### Task
Whenever a line below holds the word "assms", copy that line.

[Provided data Boundary: Start]

lemma cmap_series_in_rps_carrier:
  assumes "fund_system IB" "conv_pointwise_zero IB h"
  shows "(\<lambda>n. cmap IB (h n a)) \<in> rps_carrier IB"
  using assms(2) unfolding conv_pointwise_zero_def
  by (intro cmap_sequence_in_rps_carrier[OF assms(1)]) blast

definition equicontinuous_at_zero :: "(nat \<Rightarrow> 'a::comm_ring_1 set) \<Rightarrow> (nat \<Rightarrow> 'b::comm_ring_1 set)
    \<Rightarrow> (nat \<Rightarrow> 'a \<Rightarrow> 'b) \<Rightarrow> bool" where
  "equicontinuous_at_zero IA IB h \<longleftrightarrow> (\<forall>b. open_ideal IB b \<longrightarrow> (\<exists>k. \<forall>n. h n ` IA k \<subseteq> b))"

lemma equicontinuous_at_zero_if_continuous_series:
  assumes fA: "fund_system IA" and fB: "fund_system IB"
    and pw: "conv_pointwise_zero IB h" and add: "\<And>n x y. h n (x + y) = h n x + h n y"
    and cont: "continuous_map (lin_top IA) (rps_top IB) (\<lambda>a n. cmap IB (h n a))"
  shows "equicontinuous_at_zero IA IB h"
  unfolding equicontinuous_at_zero_def
proof (intro allI impI)
  fix b assume b: "open_ideal IB b"
  define U where "U = {\<tau> \<in> rps_carrier IB. \<forall>n. \<tau> n b = b}"
  have "openin (rps_top IB) U"
    unfolding openin_rps_top[OF fB] U_def using b by auto
  then have "openin (lin_top IA) {a \<in> topspace (lin_top IA). (\<lambda>n. cmap IB (h n a)) \<in> U}"
    by (rule openin_continuous_map_preimage[OF cont])
  moreover have "(\<lambda>n. cmap IB (h n a)) \<in> rps_carrier IB" for a
    using cmap_series_in_rps_carrier[OF fB pw] .
  moreover have "h n 0 = 0" for n
    using add[of n 0 0] by simp
  ultimately have "0 \<in> {a \<in> topspace (lin_top IA). (\<lambda>n. cmap IB (h n a)) \<in> U}"
    unfolding U_def topspace_lin_top[OF fA] using cmap_apply[OF b] by simp
  then obtain k where k: "IA k \<subseteq> {a \<in> topspace (lin_top IA). (\<lambda>n. cmap IB (h n a)) \<in> U}"
    using \<open>openin (lin_top IA) _\<close> unfolding openin_lin_top[OF fA] by fastforce
  have "h n x \<in> b" if "x \<in> IA k" for n x
  proof -
    have "(+) (h n x) ` b = b"
      using k that cmap_apply[OF b] unfolding U_def by auto
    then show ?thesis
      using coset_eq_self_iff[OF open_ideal_is_ideal[OF b]] by blast
  qed
  then show "\<exists>k. \<forall>n. h n ` IA k \<subseteq> b"
    by blast
qed

lemma continuous_series_if_equicontinuous_at_zero:
  assumes fA: "fund_system IA" and fB: "fund_system IB"
    and pw: "conv_pointwise_zero IB h" and add: "\<And>n x y. h n (x + y) = h n x + h n y"
    and eq: "equicontinuous_at_zero IA IB h"
  shows "continuous_map (lin_top IA) (rps_top IB) (\<lambda>a n. cmap IB (h n a))"
proof -
  have carrier: "(\<lambda>n. cmap IB (h n a)) \<in> rps_carrier IB" for a
    using cmap_series_in_rps_carrier[OF fB pw] .
  have "openin (lin_top IA) {a. (\<lambda>n. cmap IB (h n a)) \<in> U}" if U: "openin (rps_top IB) U" for U
    unfolding openin_lin_top[OF fA]
  proof
    fix a assume "a \<in> {a. (\<lambda>n. cmap IB (h n a)) \<in> U}"
    then have "(\<lambda>n. cmap IB (h n a)) \<in> U"
      by simp
    with U obtain b where b: "open_ideal IB b"
      and nbhd: "{\<tau> \<in> rps_carrier IB. \<forall>n. \<tau> n b = cmap IB (h n a) b} \<subseteq> U"
      unfolding openin_rps_top[OF fB] by (meson bspec)
    obtain k where k: "\<forall>n. h n ` IA k \<subseteq> b"
      using eq b unfolding equicontinuous_at_zero_def by blast
    have "(\<lambda>n. cmap IB (h n (a + x))) \<in> U" if "x \<in> IA k" for x
    proof -
      have "cmap IB (h n (a + x)) b = cmap IB (h n a) b" for n
        unfolding cmap_apply[OF b] add coset_eq_iff[OF open_ideal_is_ideal[OF b]] using k that by auto
      then show ?thesis
        using nbhd carrier[of "a + x"] by blast
    qed
    then have "(+) a ` IA k \<subseteq> {a. (\<lambda>n. cmap IB (h n a)) \<in> U}"
      by blast
    then show "\<exists>k. (+) a ` IA k \<subseteq> {a. (\<lambda>n. cmap IB (h n a)) \<in> U}" ..
  qed
  then show ?thesis
    unfolding continuous_map_def topspace_lin_top[OF fA] topspace_rps_top[OF fB]
    using carrier by simp
qed

lemma conv_continuously_zero_if_equicontinuous_at_zero:
  assumes fA: "fund_system IA" and fB: "fund_system IB"
    and pw: "conv_pointwise_zero IB h" and add: "\<And>n x y. h n (x + y) = h n x + h n y"
    and eq: "equicontinuous_at_zero IA IB h"
  shows "conv_continuously_zero IA IB h"
  unfolding conv_continuously_zero_def
proof (intro conjI allI impI)
  fix n
  have "\<exists>k. h n ` IA k \<subseteq> b" if "open_ideal IB b" for b
    using eq that unfolding equicontinuous_at_zero_def by metis
  then show "continuous_map (lin_top IA) (lin_top IB) (h n)"
    unfolding continuous_map_lin_top_iff[OF fA fB add] by blast
next
  fix a b' assume b': "open_ideal IB b'"
  obtain k where k: "\<forall>n. h n ` IA k \<subseteq> b'"
    using eq b' unfolding equicontinuous_at_zero_def by blast
  obtain n0 where n0: "\<forall>n\<ge>n0. h n a \<in> b'"
    using pw b' unfolding conv_pointwise_zero_def by blast
  have "h n (a + x) \<in> b'" if "x \<in> IA k" "n \<ge> n0" for x n
  proof -
    have "h n a \<in> b'" "h n x \<in> b'"
      using k n0 that by auto
    then show ?thesis
      unfolding add by (rule ideal_add[OF open_ideal_is_ideal[OF b']])
  qed
  then show "\<exists>\<aa> n0. open_ideal IA \<aa> \<and> (\<forall>x\<in>\<aa>. \<forall>n\<ge>n0. h n (a + x) \<in> b')"
    using open_ideal_fund[OF fA, of k] by blast
qed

[Provided data Boundary: End]

### Your solution
  using assms(2) unfolding conv_pointwise_zero_def
  by (intro cmap_sequence_in_rps_carrier[OF assms(1)]) blast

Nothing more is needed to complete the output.